One question I had while reading Leading Change was around the size and type of change under discussion.  Most of the examples were of major changes to the underlying structure or philosophy of a business.  But then as I read into the examples and stages of change, I can see the same problems appearing in seemingly smaller and smaller implementations - nearly anything that requires change to dive into the culture of a business could be under consideration of this model.  And this is where a link to Theory of Constraints appears.

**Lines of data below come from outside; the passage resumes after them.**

(* Let $\tau_i\in\tau_H$ be a HI-task in the multi-rate fluid model with earliest completion window $k_i$. If $$\sum_{j:1\le j<k_i}\theta_{i,j}^H w_j\ \ge\ u_i^H\sum_{j:1\le j<k_i}w_j,\qquad \forall j:1\le j<k_i,\ \theta_{i,j}^H\le\theta_{i,j+1}^H,$$ $$\forall j:k_i\le j\le n_H,\ \theta_{i,j}^H\ge u_i^H,\qquad\text{and}\qquad \theta_i^H\ge u_i^H,$$ then every early transition job of $\tau_i$ meets its deadline in the HI-mode (receives $C_i^H$ units of execution by its deadline).
   Context: A dual-criticality implicit-deadline sporadic task system runs on $m$ identical processors. Each task $\tau_i$ has period and relative deadline $T_i>0$, criticality in $\{LO,HI\}$, and WCETs $C_i^L\le C_i^H$; $u_i^L=C_i^L/T_i\le1$, $u_i^H=C_i^H/T_i\le1$; $n_H$ is the number of HI-tasks. The system starts in LO-mode; the mode switch is the first instant a HI-task job $\tau_i$ has executed $C_i^L$ units without completing; afterwards (HI-mode) LO-task jobs are dropped and HI jobs need up to $C_i^H$ units by their deadlines. Multi-rate fluid model (rate $\theta$ = receiving $\theta\ell$ units of execution in any interval of length $\ell$): in LO-mode each job of $\tau_i$ executes at rate $\theta_i^L\in(0,1]$; with time measured from the mode switch, the transition period $[0,\sum_{j=1}^{n_H}w_j)$ is divided into consecutive windows of durations $w_1,\dots,w_{n_H}\ge0$, window $j$ being $[\sum_{l<j}w_l,\sum_{l\le j}w_l)$, in which each job of HI-task $\tau_i$ executes at rate $\theta_{i,j}^H\in[0,1]$; after the transition period at rate $\theta_i^H\in(0,1]$. By convention $\theta_{i,n_H+1}^H$ denotes $\theta_i^H$. The earliest completion window of $\tau_i$ is the largest index $k_i\in\{1,\dots,n_H+1\}$ with $\sum_{j:1\le j<k_i}w_j<T_i-C_i^L/\theta_i^L$. An early transition job of $\tau_i$ is a job of $\tau_i$ released after the mode switch at a time $t<\sum_{j:1\le j<k_i}w_j$ (relative to the mode switch). *)

theory Defs
  imports Complex_Main
begin

text \<open>Time is measured from the mode switch. Windows are indexed 1..nH with
  durations w j; window j is the interval [win_start w j, win_start w (j+1)).\<close>

definition win_start :: "(nat \<Rightarrow> real) \<Rightarrow> nat \<Rightarrow> real" where
  "win_start w j = (\<Sum>l\<in>{1..<j}. w l)"

definition overlap :: "real \<Rightarrow> real \<Rightarrow> real \<Rightarrow> real \<Rightarrow> real" where
  "overlap a b c d = max 0 (min b d - max a c)"

text \<open>Execution received (multi-rate fluid model, HI-mode) by a job of the HI-task
  in the interval [a,b) (times relative to the mode switch, a \<ge> 0): rate theta j in
  window j (1 \<le> j \<le> nH), rate thetaH after the transition period.\<close>
definition exec_HI :: "nat \<Rightarrow> (nat \<Rightarrow> real) \<Rightarrow> (nat \<Rightarrow> real) \<Rightarrow> real \<Rightarrow> real \<Rightarrow> real \<Rightarrow> real" where
  "exec_HI nH w theta thetaH a b =
     (\<Sum>j\<in>{1..nH}. theta j * overlap a b (win_start w j) (win_start w (j+1)))
     + thetaH * max 0 (b - max a (win_start w (nH+1)))"

text \<open>Convention: theta_{i,nH+1} denotes theta_i^H.\<close>
definition theta_ext :: "nat \<Rightarrow> (nat \<Rightarrow> real) \<Rightarrow> real \<Rightarrow> nat \<Rightarrow> real" where
  "theta_ext nH theta thetaH j = (if j = nH + 1 then thetaH else theta j)"

definition earliest_completion_window ::
  "nat \<Rightarrow> (nat \<Rightarrow> real) \<Rightarrow> real \<Rightarrow> real \<Rightarrow> real \<Rightarrow> nat \<Rightarrow> bool" where
  "earliest_completion_window nH w T CL thetaL k \<longleftrightarrow>
     k \<in> {1..nH+1} \<and> (\<Sum>j\<in>{1..<k}. w j) < T - CL / thetaL \<and>
     (\<forall>k'\<in>{1..nH+1}. (\<Sum>j\<in>{1..<k'}. w j) < T - CL / thetaL \<longrightarrow> k' \<le> k)"

end

theory Submission imports Defs begin

text \<open>A job released at time \<open>t\<close> before the start of window \<open>k\<close> has the scheduling
  window \<open>[t, t + T)\<close>; as window \<open>k\<close> starts before \<open>T\<close>, this contains the windows
  \<open>k, \<dots>, nH\<close> and everything after the transition period up to \<open>t + T\<close>, where every rate
  is at least \<open>u = CH / T\<close>. Of the windows \<open>1, \<dots>, k - 1\<close> the job sees only the parts
  after \<open>t\<close>: a suffix of the early transition period. Since the rates are nondecreasing
  there, the average rate over that suffix is at least the average over all early
  windows, which is at least \<open>u\<close>. Hence the job receives at least \<open>u T = CH\<close>.\<close>

lemma weighted_sum_ge_of_threshold:
  fixes th x w :: "'a \<Rightarrow> real"
  assumes bounds: "\<forall>j\<in>A. 0 \<le> x j \<and> x j \<le> w j"
    and avg: "u * (\<Sum>j\<in>A. w j) \<le> (\<Sum>j\<in>A. th j * w j)"
    and above: "\<forall>j\<in>A. 0 < x j \<longrightarrow> c \<le> th j"
    and below: "\<forall>j\<in>A. x j < w j \<longrightarrow> th j \<le> c"
  shows "u * (\<Sum>j\<in>A. x j) \<le> (\<Sum>j\<in>A. th j * x j)"
  \<comment> \<open>If \<open>u \<le> c\<close>, all of \<open>x\<close> sits where \<open>th \<ge> u\<close>; otherwise the removed mass \<open>w - x\<close>
    sits where \<open>th < u\<close>, so removing it cannot push the average below \<open>u\<close>.\<close>
proof (cases "u \<le> c")
  case True
  have "u * x j \<le> th j * x j" if "j \<in> A" for j
  proof (cases "0 < x j")
    case True
    then show ?thesis using that above \<open>u \<le> c\<close> by (intro mult_right_mono) auto
  next
    case False
    then show ?thesis using that bounds by force
  qed
  then show ?thesis by (simp add: sum_distrib_left sum_mono)
next
  case False
  have "th j * (w j - x j) \<le> u * (w j - x j)" if "j \<in> A" for j
  proof (cases "x j < w j")
    case True
    then show ?thesis using that below False by (intro mult_right_mono) auto
  next
    case False
    then show ?thesis using that bounds by force
  qed
  then have "(\<Sum>j\<in>A. th j * (w j - x j)) \<le> u * (\<Sum>j\<in>A. w j - x j)"
    by (simp add: sum_distrib_left sum_mono)
  then show ?thesis using avg by (simp add: sum_subtractf right_diff_distrib)
qed

lemma weighted_sum_ge_of_ordered:
  fixes th x w :: "'a \<Rightarrow> real"
  assumes "finite A"
    and bounds: "\<forall>j\<in>A. 0 \<le> x j \<and> x j \<le> w j"
    and avg: "u * (\<Sum>j\<in>A. w j) \<le> (\<Sum>j\<in>A. th j * w j)"
    and ordered: "\<forall>i\<in>A. \<forall>j\<in>A. x i < w i \<longrightarrow> 0 < x j \<longrightarrow> th i \<le> th j"
  shows "u * (\<Sum>j\<in>A. x j) \<le> (\<Sum>j\<in>A. th j * x j)"
proof -
  define P where "P = {j\<in>A. 0 < x j}"
  obtain c where "\<forall>j\<in>A. 0 < x j \<longrightarrow> c \<le> th j" "\<forall>j\<in>A. x j < w j \<longrightarrow> th j \<le> c"
  proof (cases "P = {}")
    case True
    show thesis
      by (rule that[of "Max (th ` A)"]) (use True \<open>finite A\<close> in \<open>auto simp: P_def\<close>)
  next
    case False
    show thesis
      by (rule that[of "Min (th ` P)"]) (use False ordered \<open>finite A\<close> in \<open>auto simp: P_def\<close>)
  qed
  then show ?thesis using weighted_sum_ge_of_threshold bounds avg by blast
qed

lemma win_start_Suc: "win_start w (Suc j) = win_start w j + (if 1 \<le> j then w j else 0)"
  unfolding win_start_def by (cases "j = 0") (auto simp: sum.atLeastLessThan_Suc)

lemma win_start_mono:
  assumes "\<forall>l\<in>{1..<j}. 0 \<le> w l" and "i \<le> j"
  shows "win_start w i \<le> win_start w j"
  unfolding win_start_def by (rule sum_mono2) (use assms in auto)

definition time_in_window :: "(nat \<Rightarrow> real) \<Rightarrow> real \<Rightarrow> real \<Rightarrow> nat \<Rightarrow> real" where
  "time_in_window w a b j = overlap a b (win_start w j) (win_start w (j + 1))"

lemma time_in_window_nonneg: "0 \<le> time_in_window w a b j"
  by (simp add: time_in_window_def overlap_def)

lemma time_in_windows_partition:
  assumes "\<forall>j\<in>{1..n}. 0 \<le> w j" and "0 \<le> a" and "a \<le> b"
  shows "(\<Sum>j\<in>{1..n}. time_in_window w a b j) + max 0 (b - max a (win_start w (n + 1))) = b - a"
  using assms(1)
proof (induction n)
  case 0
  then show ?case using assms(2,3) by (simp add: win_start_def)
next
  case (Suc n)
  have "win_start w (Suc n) \<le> win_start w (Suc n + 1)"
    using Suc.prems by (simp add: win_start_Suc)
  then have "time_in_window w a b (Suc n) + max 0 (b - max a (win_start w (Suc n + 1)))
      = max 0 (b - max a (win_start w (n + 1)))"
    by (auto simp: time_in_window_def overlap_def max_def min_def)
  then show ?case using Suc by (simp add: algebra_simps)
qed

lemma exec_HI_ge:
  assumes w_nonneg: "\<forall>j\<in>{1..nH}. 0 \<le> w j" and "0 \<le> a" "a \<le> b"
    and k: "1 \<le> k" "k \<le> nH + 1"
    and early: "u * (\<Sum>j\<in>{1..<k}. time_in_window w a b j)
                  \<le> (\<Sum>j\<in>{1..<k}. theta j * time_in_window w a b j)"
    and late: "\<forall>j\<in>{k..nH}. u \<le> theta j" and after: "u \<le> thetaH"
  shows "u * (b - a) \<le> exec_HI nH w theta thetaH a b"
proof -
  let ?O = "time_in_window w a b"
  let ?R = "max 0 (b - max a (win_start w (nH + 1)))"
  have split: "sum f {1..nH} = sum f {1..<k} + sum f {k..nH}" for f :: "nat \<Rightarrow> real"
    using sum.atLeastLessThan_concat[of 1 k "Suc nH" f] k by (simp add: atLeastLessThanSuc_atLeastAtMost)
  have "b - a = (\<Sum>j\<in>{1..<k}. ?O j) + (\<Sum>j\<in>{k..nH}. ?O j) + ?R"
    using time_in_windows_partition[OF assms(1-3)] split[of ?O] by linarith
  then have "u * (b - a) = u * (\<Sum>j\<in>{1..<k}. ?O j) + u * (\<Sum>j\<in>{k..nH}. ?O j) + u * ?R"
    by (simp add: distrib_left)
  also have "\<dots> \<le> (\<Sum>j\<in>{1..<k}. theta j * ?O j) + (\<Sum>j\<in>{k..nH}. theta j * ?O j) + thetaH * ?R"
  proof (intro add_mono early)
    show "u * (\<Sum>j\<in>{k..nH}. ?O j) \<le> (\<Sum>j\<in>{k..nH}. theta j * ?O j)"
      unfolding sum_distrib_left using late
      by (intro sum_mono mult_right_mono time_in_window_nonneg) auto
    show "u * ?R \<le> thetaH * ?R" using after by (simp add: mult_right_mono)
  qed
  also have "\<dots> = exec_HI nH w theta thetaH a b"
    by (simp only: exec_HI_def time_in_window_def[symmetric] split[of "\<lambda>j. theta j * ?O j"])
  finally show ?thesis .
qed

lemma early_windows_weighted_sum_ge:
  assumes w_nonneg: "\<forall>j\<in>{1..<k}. 0 \<le> w j"
    and mono: "mono_on {1..<k} theta"
    and avg: "u * (\<Sum>j\<in>{1..<k}. w j) \<le> (\<Sum>j\<in>{1..<k}. theta j * w j)"
    and b: "win_start w k \<le> b"
  shows "u * (\<Sum>j\<in>{1..<k}. time_in_window w a b j)
           \<le> (\<Sum>j\<in>{1..<k}. theta j * time_in_window w a b j)"
proof (rule weighted_sum_ge_of_ordered[OF _ _ avg])
  let ?S = "win_start w"
  have window: "?S (j + 1) = ?S j + w j" "?S (j + 1) \<le> b" "0 \<le> w j" if "j \<in> {1..<k}" for j
    using that w_nonneg win_start_mono[of k w "j + 1"] b by (auto simp: win_start_Suc)
  then have time_eq: "time_in_window w a b j = max 0 (?S (j + 1) - max a (?S j))"
    if "j \<in> {1..<k}" for j
    using that window(2) by (simp add: time_in_window_def overlap_def min_absorb2)
  show "\<forall>j\<in>{1..<k}. 0 \<le> time_in_window w a b j \<and> time_in_window w a b j \<le> w j"
    using window time_eq by (auto simp: max_def)
  show "\<forall>i\<in>{1..<k}. \<forall>j\<in>{1..<k}. time_in_window w a b i < w i \<longrightarrow>
          0 < time_in_window w a b j \<longrightarrow> theta i \<le> theta j"
  proof (intro ballI impI)
    fix i j assume ij: "i \<in> {1..<k}" "j \<in> {1..<k}"
      and "time_in_window w a b i < w i" "0 < time_in_window w a b j"
    then have "?S i < a" "a < ?S (j + 1)"
      using window time_eq by (auto simp: max_def split: if_splits)
    moreover have "?S (j + 1) \<le> ?S i" if "j + 1 \<le> i"
      using that ij w_nonneg by (intro win_start_mono) auto
    ultimately have "i \<le> j" by linarith
    then show "theta i \<le> theta j" using mono ij by (simp add: mono_onD)
  qed
qed simp

lemma mono_on_of_theta_ext_steps:
  assumes "k \<le> nH + 1"
    and steps: "\<forall>j. 1 \<le> j \<and> j < k \<longrightarrow> theta_ext nH theta thetaH j \<le> theta_ext nH theta thetaH (j + 1)"
  shows "mono_on {1..<k} theta"
proof (rule mono_onI)
  have step: "theta n \<le> theta (Suc n)" if "n \<in> {1..<k - 1}" for n
  proof -
    have "1 \<le> n" "n < k" "n + 1 < k" using that by auto
    then have "theta_ext nH theta thetaH n \<le> theta_ext nH theta thetaH (n + 1)"
      using steps by blast
    moreover have "theta_ext nH theta thetaH n = theta n"
      and "theta_ext nH theta thetaH (n + 1) = theta (n + 1)"
      using \<open>n + 1 < k\<close> assms(1) by (auto simp: theta_ext_def)
    ultimately show ?thesis by simp
  qed
  fix i j assume ij: "i \<in> {1..<k}" "j \<in> {1..<k}" "i \<le> j"
  show "theta i \<le> theta j"
    by (rule lift_Suc_mono_le_ivl[where N = "{1..<k - 1}"]) (use step ij in auto)
qed

theorem theorem2:
  fixes nH :: nat and w theta :: "nat \<Rightarrow> real"
    and T CL CH thetaL thetaH :: real and k :: nat
  assumes T_pos: "T > 0"
    and CL_nonneg: "0 \<le> CL" and CL_le_CH: "CL \<le> CH"
    and uL_le1: "CL / T \<le> 1" and uH_le1: "CH / T \<le> 1"
    and thetaL: "0 < thetaL" "thetaL \<le> 1"
    and thetaH: "0 < thetaH" "thetaH \<le> 1"
    and theta_rng: "\<forall>j\<in>{1..nH}. 0 \<le> theta j \<and> theta j \<le> 1"
    and w_nonneg: "\<forall>j\<in>{1..nH}. 0 \<le> w j"
    and ecw: "earliest_completion_window nH w T CL thetaL k"
    and c1: "(\<Sum>j\<in>{1..<k}. theta j * w j) \<ge> (CH / T) * (\<Sum>j\<in>{1..<k}. w j)"
    and c2: "\<forall>j. 1 \<le> j \<and> j < k \<longrightarrow> theta_ext nH theta thetaH j \<le> theta_ext nH theta thetaH (j+1)"
    and c3: "\<forall>j. k \<le> j \<and> j \<le> nH \<longrightarrow> theta j \<ge> CH / T"
    and c4: "thetaH \<ge> CH / T"
  shows "\<forall>t. 0 \<le> t \<and> t < (\<Sum>j\<in>{1..<k}. w j) \<longrightarrow>
           exec_HI nH w theta thetaH t (t + T) \<ge> CH"
proof (intro allI impI)
  fix t assume t: "0 \<le> t \<and> t < (\<Sum>j\<in>{1..<k}. w j)"
  have k: "1 \<le> k" "k \<le> nH + 1" and Sk: "win_start w k < T - CL / thetaL"
    using ecw unfolding earliest_completion_window_def win_start_def by auto
  have "0 \<le> CL / thetaL" using CL_nonneg thetaL by simp
  then have window_k: "win_start w k \<le> t + T" using Sk t by linarith
  have "mono_on {1..<k} theta" using mono_on_of_theta_ext_steps k(2) c2 by blast
  moreover have "\<forall>j\<in>{1..<k}. 0 \<le> w j" using w_nonneg k by auto
  ultimately have early: "CH / T * (\<Sum>j\<in>{1..<k}. time_in_window w t (t + T) j)
      \<le> (\<Sum>j\<in>{1..<k}. theta j * time_in_window w t (t + T) j)"
    using early_windows_weighted_sum_ge c1 window_k by blast
  have "\<forall>j\<in>{k..nH}. CH / T \<le> theta j" using c3 by auto
  then have "CH / T * (t + T - t) \<le> exec_HI nH w theta thetaH t (t + T)"
    using exec_HI_ge[OF w_nonneg _ _ k early] c4 t T_pos by simp
  then show "exec_HI nH w theta thetaH t (t + T) \<ge> CH" using T_pos by simp
qed

end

In TOC, there is a set of "layers of resistance" or "layers of buy-in" depending on your point of view.  The layers of buy-in go something like this (layers of resistance are the opposites):

  1. We agree on the problem.
  2. We agree on the direction of the solution.
  3. We agree that the solution solves the problem.
  4. We agree that we can overcome any potential negative ramifications.
  5. We agree that the obstacles to implementation can be overcome.
  6. We commit to move forward.

This progression can be a helpful gauge to see where people are in a change effort and what actions need to be taken to help move the effort along.  Maybe it's because I am an engineer, but I like their logical progression on building an overall consensus to dealing with change.  However, all that is built into the layers of buy-in are the logical transitions.  There is very little in here directly about creating leaders and baking the change into the culture.  And depending on how you look at this model, it is all within the first few stages of Kotter's model (coalition and strategy, mainly).  That said, Kotter's model is probably not the be-all and end-all of change discussions either.